» REQUIREMENT: Among the records, find the lines that hold the string "bool" and return them.

» EXERCISE MATERIALS:
——
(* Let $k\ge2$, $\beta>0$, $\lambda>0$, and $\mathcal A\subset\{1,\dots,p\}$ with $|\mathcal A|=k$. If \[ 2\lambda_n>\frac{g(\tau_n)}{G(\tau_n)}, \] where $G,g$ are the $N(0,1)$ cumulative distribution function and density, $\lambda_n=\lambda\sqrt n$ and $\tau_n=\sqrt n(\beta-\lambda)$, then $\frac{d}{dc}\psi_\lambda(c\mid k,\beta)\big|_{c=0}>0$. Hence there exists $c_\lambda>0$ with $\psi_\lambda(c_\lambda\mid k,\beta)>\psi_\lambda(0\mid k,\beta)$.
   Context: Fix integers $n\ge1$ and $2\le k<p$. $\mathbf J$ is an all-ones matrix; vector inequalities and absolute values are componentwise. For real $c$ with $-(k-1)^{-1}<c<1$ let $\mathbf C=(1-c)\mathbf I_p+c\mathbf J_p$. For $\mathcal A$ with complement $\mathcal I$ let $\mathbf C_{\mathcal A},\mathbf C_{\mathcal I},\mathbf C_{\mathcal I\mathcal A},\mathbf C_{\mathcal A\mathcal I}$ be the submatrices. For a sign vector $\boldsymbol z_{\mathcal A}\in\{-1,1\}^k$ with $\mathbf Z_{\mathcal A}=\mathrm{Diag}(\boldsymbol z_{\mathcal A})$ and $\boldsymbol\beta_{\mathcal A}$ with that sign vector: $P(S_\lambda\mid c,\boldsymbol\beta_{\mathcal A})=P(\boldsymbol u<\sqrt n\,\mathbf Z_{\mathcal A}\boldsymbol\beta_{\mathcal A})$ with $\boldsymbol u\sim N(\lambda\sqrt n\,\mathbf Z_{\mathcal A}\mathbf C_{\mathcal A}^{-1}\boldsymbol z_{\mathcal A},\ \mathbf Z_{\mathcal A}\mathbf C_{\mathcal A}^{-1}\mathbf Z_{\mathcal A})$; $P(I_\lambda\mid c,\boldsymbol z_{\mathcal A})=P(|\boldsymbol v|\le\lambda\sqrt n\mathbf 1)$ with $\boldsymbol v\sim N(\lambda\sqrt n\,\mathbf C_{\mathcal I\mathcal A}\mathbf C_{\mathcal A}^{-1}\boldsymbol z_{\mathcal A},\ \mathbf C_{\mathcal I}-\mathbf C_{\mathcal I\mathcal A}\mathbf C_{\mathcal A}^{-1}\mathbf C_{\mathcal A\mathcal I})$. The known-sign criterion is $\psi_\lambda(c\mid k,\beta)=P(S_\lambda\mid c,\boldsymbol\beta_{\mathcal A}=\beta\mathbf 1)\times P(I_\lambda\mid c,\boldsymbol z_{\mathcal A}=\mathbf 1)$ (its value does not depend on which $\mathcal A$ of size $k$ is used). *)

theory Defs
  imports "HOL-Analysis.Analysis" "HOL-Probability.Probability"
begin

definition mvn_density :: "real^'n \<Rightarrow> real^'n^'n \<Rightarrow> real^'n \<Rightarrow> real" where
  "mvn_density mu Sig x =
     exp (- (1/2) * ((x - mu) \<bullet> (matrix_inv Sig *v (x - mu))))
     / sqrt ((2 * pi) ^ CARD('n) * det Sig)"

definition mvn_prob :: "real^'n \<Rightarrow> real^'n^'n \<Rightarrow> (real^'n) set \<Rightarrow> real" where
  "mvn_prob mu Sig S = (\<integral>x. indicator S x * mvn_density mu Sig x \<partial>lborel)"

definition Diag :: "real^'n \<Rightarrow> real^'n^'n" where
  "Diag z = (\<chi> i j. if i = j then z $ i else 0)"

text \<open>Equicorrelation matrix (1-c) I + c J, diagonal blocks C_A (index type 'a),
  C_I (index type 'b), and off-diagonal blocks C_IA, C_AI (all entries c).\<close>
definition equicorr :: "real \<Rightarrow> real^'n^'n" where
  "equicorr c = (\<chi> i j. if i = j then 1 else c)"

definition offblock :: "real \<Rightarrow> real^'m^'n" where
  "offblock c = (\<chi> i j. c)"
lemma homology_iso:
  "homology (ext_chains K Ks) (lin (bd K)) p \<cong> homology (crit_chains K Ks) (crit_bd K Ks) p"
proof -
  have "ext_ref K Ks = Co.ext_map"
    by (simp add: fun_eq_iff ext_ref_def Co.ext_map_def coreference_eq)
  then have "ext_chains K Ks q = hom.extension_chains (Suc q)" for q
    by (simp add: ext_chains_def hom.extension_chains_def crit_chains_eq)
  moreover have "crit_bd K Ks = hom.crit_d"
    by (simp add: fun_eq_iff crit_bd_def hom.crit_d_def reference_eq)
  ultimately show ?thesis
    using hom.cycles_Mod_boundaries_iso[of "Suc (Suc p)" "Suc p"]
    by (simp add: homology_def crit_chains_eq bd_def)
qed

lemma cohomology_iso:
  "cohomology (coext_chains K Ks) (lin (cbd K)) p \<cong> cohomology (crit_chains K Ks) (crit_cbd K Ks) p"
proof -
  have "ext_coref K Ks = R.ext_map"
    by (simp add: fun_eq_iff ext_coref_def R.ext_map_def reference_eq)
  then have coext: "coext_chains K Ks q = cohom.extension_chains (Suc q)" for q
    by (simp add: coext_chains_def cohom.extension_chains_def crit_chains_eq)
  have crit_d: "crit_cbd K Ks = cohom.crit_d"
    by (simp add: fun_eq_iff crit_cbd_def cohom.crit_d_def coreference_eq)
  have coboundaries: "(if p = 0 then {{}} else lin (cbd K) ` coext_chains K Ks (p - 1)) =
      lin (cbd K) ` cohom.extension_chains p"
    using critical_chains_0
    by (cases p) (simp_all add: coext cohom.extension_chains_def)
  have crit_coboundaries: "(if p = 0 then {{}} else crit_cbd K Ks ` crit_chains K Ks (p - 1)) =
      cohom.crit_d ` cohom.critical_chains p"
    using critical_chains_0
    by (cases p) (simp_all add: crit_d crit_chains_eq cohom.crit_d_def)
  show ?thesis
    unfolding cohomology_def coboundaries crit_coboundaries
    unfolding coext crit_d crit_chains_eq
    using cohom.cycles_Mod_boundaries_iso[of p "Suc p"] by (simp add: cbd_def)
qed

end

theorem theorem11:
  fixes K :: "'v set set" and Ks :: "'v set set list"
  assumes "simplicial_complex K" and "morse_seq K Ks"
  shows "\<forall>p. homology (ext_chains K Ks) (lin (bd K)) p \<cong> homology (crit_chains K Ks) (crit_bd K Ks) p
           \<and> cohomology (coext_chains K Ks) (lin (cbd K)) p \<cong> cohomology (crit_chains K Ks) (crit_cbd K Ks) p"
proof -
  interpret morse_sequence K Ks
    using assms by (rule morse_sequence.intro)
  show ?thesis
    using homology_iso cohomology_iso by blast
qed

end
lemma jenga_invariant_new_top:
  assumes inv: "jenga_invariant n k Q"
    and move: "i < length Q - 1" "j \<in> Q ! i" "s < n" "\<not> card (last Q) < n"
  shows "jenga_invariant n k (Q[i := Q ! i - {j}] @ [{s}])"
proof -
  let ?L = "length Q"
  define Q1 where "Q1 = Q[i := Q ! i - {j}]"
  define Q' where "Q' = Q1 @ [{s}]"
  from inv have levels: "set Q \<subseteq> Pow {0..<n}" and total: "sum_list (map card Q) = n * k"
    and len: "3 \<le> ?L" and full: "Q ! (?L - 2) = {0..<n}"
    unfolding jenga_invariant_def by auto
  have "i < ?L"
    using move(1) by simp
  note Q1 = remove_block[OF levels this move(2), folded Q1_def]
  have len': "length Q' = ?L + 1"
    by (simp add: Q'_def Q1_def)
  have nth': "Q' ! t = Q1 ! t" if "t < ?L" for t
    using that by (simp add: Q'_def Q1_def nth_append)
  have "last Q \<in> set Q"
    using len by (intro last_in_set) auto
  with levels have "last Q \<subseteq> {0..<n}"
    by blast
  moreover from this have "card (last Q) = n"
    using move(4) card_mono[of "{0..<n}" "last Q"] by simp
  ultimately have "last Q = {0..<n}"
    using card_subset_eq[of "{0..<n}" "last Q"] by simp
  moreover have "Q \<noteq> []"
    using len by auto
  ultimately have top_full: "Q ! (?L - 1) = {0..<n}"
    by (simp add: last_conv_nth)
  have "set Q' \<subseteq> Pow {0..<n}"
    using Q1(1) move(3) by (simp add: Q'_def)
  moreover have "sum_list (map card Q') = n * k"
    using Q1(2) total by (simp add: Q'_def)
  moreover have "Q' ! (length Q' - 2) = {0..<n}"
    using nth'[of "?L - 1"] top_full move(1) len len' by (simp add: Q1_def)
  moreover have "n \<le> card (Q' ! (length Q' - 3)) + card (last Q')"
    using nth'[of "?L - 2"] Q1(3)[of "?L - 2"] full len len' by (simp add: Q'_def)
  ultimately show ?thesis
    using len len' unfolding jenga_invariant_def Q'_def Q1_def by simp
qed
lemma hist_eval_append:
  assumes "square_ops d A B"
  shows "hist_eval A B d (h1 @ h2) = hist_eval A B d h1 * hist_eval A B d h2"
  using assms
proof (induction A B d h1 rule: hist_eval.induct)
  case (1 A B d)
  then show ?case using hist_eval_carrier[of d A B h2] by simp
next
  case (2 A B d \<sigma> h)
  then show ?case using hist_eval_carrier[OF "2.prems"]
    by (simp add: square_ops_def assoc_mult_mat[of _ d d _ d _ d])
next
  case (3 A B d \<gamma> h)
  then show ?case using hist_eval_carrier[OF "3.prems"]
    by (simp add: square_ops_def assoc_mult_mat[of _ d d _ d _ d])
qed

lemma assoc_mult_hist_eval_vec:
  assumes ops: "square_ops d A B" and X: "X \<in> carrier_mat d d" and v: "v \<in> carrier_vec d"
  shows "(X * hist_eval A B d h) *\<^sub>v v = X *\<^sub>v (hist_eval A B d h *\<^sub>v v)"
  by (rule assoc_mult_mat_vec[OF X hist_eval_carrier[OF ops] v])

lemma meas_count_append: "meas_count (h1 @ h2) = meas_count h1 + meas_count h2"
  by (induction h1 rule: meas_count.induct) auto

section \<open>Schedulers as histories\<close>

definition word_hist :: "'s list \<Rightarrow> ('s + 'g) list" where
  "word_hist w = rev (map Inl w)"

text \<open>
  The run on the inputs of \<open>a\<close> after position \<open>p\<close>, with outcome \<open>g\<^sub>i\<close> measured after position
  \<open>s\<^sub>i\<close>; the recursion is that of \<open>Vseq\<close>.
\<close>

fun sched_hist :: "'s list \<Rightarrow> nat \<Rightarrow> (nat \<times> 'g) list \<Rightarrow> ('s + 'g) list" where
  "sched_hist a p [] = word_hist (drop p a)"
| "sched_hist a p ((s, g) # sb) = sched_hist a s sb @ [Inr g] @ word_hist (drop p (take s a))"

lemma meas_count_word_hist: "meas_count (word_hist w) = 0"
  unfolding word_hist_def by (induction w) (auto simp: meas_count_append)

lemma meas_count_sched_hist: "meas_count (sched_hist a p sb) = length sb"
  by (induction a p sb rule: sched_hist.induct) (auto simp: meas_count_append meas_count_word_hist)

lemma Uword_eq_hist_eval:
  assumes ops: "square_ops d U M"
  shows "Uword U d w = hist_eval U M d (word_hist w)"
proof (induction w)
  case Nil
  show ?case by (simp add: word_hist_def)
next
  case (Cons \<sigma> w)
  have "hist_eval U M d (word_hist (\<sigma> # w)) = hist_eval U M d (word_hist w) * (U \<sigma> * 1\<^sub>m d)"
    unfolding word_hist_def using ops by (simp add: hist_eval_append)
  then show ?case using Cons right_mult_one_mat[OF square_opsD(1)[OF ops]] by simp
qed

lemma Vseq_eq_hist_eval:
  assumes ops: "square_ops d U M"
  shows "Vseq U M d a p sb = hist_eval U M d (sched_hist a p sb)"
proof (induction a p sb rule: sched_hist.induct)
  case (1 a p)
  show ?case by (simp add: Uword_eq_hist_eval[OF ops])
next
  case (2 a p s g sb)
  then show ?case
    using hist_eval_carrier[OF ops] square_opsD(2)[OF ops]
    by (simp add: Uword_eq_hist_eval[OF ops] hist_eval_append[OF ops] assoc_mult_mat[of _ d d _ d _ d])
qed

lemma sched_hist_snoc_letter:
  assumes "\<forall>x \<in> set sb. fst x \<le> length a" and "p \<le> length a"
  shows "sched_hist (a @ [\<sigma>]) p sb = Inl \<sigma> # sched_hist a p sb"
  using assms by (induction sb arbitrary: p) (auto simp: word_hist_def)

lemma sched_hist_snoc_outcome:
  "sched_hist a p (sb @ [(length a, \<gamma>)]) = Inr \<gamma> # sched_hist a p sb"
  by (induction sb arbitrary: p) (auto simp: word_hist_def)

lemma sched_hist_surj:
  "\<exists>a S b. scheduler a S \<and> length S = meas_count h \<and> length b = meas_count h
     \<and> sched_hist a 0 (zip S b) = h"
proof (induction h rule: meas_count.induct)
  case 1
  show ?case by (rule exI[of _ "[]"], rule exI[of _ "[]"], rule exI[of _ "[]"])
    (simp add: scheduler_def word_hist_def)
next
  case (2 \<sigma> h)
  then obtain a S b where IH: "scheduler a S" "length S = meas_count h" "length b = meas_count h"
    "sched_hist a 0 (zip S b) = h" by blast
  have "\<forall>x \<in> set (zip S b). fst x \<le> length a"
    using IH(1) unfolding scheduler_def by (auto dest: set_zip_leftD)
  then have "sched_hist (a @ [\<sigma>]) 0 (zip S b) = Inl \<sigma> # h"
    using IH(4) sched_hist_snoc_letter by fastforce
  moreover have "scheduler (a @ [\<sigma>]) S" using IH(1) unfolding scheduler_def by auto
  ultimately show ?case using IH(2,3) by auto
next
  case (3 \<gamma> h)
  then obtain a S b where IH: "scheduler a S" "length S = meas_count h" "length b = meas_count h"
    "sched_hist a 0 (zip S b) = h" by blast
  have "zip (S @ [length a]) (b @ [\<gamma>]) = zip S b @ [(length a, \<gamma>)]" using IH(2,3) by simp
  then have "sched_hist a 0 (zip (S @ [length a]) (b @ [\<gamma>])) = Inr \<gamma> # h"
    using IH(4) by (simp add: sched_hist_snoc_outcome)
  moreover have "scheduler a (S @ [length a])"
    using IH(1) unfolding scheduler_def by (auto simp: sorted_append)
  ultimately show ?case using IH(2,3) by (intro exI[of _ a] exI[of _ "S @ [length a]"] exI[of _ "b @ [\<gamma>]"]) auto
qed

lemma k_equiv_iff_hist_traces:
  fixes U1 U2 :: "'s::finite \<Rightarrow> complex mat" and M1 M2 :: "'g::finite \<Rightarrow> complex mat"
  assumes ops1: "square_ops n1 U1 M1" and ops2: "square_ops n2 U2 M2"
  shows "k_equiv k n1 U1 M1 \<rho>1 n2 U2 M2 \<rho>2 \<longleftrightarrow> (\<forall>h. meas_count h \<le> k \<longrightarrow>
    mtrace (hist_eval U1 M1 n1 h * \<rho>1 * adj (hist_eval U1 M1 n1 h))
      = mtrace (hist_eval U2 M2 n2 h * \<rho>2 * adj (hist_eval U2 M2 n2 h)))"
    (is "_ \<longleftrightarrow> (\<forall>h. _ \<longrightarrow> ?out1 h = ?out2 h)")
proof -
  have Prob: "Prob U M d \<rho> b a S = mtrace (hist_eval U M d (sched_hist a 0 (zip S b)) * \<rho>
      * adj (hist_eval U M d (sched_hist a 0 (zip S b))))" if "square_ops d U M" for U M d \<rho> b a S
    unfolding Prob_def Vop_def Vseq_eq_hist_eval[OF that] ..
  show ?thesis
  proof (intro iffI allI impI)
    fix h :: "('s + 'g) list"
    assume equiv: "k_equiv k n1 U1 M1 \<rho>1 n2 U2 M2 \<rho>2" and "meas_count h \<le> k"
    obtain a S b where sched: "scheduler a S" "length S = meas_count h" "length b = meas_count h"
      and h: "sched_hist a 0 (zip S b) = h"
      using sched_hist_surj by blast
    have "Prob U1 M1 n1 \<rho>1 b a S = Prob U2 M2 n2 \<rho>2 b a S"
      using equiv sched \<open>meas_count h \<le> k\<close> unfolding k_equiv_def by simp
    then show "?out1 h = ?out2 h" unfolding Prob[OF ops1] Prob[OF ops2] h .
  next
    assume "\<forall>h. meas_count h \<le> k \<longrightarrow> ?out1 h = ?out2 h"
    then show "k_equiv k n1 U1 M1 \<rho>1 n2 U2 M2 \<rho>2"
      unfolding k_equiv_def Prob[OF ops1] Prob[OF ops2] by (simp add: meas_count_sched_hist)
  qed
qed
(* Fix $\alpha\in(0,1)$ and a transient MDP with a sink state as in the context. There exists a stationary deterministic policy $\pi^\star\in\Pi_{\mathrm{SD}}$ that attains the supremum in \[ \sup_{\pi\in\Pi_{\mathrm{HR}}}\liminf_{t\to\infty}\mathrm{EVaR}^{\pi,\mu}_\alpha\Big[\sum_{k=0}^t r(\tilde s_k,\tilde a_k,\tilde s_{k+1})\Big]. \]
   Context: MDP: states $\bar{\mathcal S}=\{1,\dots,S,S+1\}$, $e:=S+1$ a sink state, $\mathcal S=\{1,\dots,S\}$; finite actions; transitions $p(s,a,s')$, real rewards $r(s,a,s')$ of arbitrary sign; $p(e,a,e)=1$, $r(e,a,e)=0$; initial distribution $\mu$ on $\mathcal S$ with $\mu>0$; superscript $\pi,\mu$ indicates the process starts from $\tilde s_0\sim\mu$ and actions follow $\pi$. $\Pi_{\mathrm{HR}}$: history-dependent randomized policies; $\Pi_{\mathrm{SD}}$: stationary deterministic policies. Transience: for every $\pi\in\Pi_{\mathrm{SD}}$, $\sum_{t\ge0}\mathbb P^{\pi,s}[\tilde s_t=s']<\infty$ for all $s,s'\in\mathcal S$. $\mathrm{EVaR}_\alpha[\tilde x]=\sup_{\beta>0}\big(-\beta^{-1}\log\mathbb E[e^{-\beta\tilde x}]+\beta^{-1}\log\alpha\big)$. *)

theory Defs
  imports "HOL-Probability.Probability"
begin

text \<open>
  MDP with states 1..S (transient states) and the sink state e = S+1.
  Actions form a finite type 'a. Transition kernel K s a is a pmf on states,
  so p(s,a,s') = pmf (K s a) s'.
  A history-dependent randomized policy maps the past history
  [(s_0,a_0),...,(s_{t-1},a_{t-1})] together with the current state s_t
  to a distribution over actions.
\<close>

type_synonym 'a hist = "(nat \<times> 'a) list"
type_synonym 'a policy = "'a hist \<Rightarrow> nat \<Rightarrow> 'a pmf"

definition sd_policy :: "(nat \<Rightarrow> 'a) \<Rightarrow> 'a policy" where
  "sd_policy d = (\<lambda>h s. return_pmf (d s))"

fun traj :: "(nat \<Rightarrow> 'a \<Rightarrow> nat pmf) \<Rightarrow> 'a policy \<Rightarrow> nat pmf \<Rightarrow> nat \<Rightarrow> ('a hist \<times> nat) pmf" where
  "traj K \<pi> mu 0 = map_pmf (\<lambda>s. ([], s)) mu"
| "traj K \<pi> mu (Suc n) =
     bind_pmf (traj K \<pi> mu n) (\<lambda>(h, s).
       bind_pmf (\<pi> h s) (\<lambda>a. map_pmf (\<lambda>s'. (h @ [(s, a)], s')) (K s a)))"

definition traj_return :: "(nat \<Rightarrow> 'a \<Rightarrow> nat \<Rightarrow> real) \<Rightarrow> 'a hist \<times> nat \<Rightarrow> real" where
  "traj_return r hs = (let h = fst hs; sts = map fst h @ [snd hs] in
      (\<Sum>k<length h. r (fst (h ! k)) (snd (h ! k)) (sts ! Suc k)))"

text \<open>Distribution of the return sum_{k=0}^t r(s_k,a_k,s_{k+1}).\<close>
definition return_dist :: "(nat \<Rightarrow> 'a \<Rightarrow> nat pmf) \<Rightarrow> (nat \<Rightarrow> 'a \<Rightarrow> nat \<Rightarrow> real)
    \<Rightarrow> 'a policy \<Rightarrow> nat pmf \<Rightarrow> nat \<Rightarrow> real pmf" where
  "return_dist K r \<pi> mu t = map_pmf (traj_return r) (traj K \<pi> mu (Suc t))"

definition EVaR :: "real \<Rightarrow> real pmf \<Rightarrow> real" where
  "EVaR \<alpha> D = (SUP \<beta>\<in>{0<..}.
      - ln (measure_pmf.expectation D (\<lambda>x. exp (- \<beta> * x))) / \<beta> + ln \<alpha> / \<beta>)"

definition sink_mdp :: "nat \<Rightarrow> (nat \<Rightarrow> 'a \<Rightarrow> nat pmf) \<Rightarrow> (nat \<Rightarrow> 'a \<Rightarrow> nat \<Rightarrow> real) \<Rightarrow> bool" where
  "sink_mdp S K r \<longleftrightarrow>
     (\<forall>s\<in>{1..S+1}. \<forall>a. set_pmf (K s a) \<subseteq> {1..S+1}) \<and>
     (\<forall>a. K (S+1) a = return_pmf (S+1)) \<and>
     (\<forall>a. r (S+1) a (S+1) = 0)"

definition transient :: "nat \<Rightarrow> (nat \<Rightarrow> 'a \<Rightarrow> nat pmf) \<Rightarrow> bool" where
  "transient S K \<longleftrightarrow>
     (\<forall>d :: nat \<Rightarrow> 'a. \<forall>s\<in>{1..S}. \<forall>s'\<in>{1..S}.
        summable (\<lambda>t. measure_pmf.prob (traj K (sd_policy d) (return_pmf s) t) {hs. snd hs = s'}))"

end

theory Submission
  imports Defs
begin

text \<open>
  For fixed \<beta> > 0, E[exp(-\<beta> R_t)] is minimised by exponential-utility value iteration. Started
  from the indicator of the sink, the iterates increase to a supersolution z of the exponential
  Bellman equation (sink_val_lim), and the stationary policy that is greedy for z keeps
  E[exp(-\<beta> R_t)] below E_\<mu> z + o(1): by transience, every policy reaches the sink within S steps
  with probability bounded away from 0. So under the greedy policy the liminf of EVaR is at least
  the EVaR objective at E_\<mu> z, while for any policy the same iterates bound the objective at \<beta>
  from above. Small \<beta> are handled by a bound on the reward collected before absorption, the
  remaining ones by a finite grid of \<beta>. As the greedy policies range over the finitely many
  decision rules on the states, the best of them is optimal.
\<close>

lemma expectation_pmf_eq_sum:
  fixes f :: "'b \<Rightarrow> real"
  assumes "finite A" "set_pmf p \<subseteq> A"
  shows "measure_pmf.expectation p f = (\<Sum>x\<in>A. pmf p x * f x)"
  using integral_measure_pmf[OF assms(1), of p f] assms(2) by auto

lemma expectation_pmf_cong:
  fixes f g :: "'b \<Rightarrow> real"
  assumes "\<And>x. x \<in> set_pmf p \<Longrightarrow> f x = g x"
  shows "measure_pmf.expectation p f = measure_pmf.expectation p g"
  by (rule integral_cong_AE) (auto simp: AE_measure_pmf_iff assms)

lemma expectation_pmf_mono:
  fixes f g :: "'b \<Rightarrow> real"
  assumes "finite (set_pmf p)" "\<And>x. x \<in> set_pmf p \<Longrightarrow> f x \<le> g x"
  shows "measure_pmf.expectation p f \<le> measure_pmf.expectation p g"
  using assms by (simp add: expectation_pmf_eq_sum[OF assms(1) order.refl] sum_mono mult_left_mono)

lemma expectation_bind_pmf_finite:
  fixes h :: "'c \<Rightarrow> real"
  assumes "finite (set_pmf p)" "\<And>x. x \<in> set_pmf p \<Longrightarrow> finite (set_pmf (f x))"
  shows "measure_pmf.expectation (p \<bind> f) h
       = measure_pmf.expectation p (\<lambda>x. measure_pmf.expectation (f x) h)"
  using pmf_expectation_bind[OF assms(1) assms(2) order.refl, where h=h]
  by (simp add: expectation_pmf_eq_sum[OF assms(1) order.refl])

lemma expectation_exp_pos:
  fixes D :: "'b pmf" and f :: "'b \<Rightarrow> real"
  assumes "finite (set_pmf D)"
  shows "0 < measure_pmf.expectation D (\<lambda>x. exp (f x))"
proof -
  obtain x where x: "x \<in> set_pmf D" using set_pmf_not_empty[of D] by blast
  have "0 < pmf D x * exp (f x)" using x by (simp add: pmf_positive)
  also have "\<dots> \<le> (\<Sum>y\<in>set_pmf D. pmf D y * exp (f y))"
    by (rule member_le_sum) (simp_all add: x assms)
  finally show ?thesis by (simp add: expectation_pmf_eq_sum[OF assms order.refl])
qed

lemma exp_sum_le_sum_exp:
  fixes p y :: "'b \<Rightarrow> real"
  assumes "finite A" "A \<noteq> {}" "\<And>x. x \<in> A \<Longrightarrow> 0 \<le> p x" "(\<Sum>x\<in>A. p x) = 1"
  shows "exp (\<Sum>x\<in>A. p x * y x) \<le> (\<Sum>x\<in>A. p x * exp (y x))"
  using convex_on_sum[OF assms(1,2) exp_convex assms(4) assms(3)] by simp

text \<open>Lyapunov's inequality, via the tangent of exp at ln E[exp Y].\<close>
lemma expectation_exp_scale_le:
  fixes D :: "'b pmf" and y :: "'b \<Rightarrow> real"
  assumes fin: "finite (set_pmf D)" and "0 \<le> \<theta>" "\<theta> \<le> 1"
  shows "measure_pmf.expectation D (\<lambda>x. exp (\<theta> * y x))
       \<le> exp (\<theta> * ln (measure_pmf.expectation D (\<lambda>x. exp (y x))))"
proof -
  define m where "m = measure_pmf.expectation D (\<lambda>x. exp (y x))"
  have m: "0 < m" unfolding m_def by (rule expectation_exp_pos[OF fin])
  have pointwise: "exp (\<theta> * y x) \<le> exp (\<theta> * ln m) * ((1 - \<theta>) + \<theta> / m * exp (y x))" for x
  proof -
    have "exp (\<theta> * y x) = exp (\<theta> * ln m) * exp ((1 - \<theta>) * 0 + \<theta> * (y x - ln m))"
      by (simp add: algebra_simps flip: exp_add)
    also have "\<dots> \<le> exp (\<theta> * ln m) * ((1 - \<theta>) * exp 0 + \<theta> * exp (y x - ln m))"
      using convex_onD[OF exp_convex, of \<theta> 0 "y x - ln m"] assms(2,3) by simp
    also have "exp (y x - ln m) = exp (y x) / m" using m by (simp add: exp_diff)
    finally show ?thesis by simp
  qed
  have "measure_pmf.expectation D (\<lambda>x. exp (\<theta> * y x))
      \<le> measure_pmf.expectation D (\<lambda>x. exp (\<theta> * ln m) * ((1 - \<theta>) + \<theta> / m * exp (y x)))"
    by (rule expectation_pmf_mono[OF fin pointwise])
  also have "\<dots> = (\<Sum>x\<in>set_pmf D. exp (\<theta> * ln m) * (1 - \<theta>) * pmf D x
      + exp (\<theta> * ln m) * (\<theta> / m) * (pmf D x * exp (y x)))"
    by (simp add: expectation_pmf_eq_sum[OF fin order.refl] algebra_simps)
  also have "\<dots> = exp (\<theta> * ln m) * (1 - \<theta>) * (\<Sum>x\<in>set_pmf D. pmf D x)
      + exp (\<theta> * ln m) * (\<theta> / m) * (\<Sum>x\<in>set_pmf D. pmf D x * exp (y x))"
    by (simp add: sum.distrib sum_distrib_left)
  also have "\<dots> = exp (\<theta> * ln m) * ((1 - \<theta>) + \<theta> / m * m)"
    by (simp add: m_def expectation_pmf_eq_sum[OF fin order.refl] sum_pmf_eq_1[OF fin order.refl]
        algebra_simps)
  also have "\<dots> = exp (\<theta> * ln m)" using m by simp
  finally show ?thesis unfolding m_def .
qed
——
» THE ANSWER:
definition sink_mdp :: "nat \<Rightarrow> (nat \<Rightarrow> 'a \<Rightarrow> nat pmf) \<Rightarrow> (nat \<Rightarrow> 'a \<Rightarrow> nat \<Rightarrow> real) \<Rightarrow> bool" where
definition transient :: "nat \<Rightarrow> (nat \<Rightarrow> 'a \<Rightarrow> nat pmf) \<Rightarrow> bool" where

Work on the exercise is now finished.